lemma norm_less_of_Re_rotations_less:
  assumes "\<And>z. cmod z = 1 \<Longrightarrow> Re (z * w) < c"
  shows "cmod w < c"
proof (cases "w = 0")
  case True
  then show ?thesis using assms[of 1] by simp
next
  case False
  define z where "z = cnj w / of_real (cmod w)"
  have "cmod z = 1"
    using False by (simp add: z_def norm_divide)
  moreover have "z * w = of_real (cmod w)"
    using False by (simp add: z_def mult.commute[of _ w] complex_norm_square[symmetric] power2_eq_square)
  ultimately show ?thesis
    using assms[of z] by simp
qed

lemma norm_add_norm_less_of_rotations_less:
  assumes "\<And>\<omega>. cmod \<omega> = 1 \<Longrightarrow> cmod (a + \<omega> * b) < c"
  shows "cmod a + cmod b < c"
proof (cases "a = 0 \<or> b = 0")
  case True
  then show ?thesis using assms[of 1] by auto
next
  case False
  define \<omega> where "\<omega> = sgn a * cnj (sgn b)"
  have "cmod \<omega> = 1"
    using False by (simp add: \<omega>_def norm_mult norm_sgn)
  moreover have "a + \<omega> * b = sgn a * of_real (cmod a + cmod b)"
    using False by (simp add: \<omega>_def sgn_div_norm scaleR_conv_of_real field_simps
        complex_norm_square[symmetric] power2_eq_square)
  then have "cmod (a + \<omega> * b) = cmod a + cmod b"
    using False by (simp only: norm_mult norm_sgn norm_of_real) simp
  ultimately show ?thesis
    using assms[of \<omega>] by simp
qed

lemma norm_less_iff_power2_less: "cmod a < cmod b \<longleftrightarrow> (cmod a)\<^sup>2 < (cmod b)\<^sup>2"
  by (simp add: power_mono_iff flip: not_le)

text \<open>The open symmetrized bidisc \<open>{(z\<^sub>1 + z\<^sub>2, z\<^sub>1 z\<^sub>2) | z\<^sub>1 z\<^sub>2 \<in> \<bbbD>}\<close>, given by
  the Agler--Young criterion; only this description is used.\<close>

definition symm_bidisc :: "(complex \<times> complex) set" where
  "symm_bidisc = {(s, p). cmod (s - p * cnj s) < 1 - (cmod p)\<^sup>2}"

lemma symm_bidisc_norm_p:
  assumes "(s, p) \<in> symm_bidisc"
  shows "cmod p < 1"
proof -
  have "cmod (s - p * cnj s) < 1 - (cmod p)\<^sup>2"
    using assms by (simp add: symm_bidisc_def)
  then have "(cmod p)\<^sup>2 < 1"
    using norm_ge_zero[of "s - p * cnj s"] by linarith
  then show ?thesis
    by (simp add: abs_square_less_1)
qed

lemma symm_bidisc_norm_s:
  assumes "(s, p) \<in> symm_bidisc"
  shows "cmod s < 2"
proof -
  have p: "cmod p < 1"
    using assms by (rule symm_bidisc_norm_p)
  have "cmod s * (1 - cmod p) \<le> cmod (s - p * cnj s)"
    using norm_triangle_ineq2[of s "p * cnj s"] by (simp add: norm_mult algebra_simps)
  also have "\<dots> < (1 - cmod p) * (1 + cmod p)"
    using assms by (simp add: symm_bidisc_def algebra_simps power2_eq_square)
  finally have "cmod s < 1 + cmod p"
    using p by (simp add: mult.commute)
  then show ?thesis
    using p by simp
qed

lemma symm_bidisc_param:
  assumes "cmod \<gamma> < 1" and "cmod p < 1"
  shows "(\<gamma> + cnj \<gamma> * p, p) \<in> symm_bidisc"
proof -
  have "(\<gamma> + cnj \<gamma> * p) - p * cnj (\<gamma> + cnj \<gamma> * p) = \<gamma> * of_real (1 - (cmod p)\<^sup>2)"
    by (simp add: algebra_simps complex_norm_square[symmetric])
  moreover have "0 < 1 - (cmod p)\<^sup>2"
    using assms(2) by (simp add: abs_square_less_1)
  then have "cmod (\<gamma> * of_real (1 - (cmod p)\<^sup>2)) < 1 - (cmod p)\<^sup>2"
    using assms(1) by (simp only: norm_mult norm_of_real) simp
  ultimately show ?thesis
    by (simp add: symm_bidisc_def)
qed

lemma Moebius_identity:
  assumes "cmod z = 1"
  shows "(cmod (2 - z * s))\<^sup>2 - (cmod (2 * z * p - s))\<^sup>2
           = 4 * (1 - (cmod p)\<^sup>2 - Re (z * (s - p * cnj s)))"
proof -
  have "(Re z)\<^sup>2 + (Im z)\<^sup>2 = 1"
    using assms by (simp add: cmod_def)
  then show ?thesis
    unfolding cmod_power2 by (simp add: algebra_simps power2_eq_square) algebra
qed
- - - - - - -
* **Work to complete**: The output should be exactly the lines from the one containing "s < 1 + cmod" to the final line of the listing above, inclusive.

* **Exercise output**:
  finally have "cmod s < 1 + cmod p"
    using p by (simp add: mult.commute)
  then show ?thesis
    using p by simp
qed

lemma symm_bidisc_param:
  assumes "cmod \<gamma> < 1" and "cmod p < 1"
  shows "(\<gamma> + cnj \<gamma> * p, p) \<in> symm_bidisc"
proof -
  have "(\<gamma> + cnj \<gamma> * p) - p * cnj (\<gamma> + cnj \<gamma> * p) = \<gamma> * of_real (1 - (cmod p)\<^sup>2)"
    by (simp add: algebra_simps complex_norm_square[symmetric])
  moreover have "0 < 1 - (cmod p)\<^sup>2"
    using assms(2) by (simp add: abs_square_less_1)
  then have "cmod (\<gamma> * of_real (1 - (cmod p)\<^sup>2)) < 1 - (cmod p)\<^sup>2"
    using assms(1) by (simp only: norm_mult norm_of_real) simp
  ultimately show ?thesis
    by (simp add: symm_bidisc_def)
qed

lemma Moebius_identity:
  assumes "cmod z = 1"
  shows "(cmod (2 - z * s))\<^sup>2 - (cmod (2 * z * p - s))\<^sup>2
           = 4 * (1 - (cmod p)\<^sup>2 - Re (z * (s - p * cnj s)))"
proof -
  have "(Re z)\<^sup>2 + (Im z)\<^sup>2 = 1"
    using assms by (simp add: cmod_def)
  then show ?thesis
    unfolding cmod_power2 by (simp add: algebra_simps power2_eq_square) algebra
qed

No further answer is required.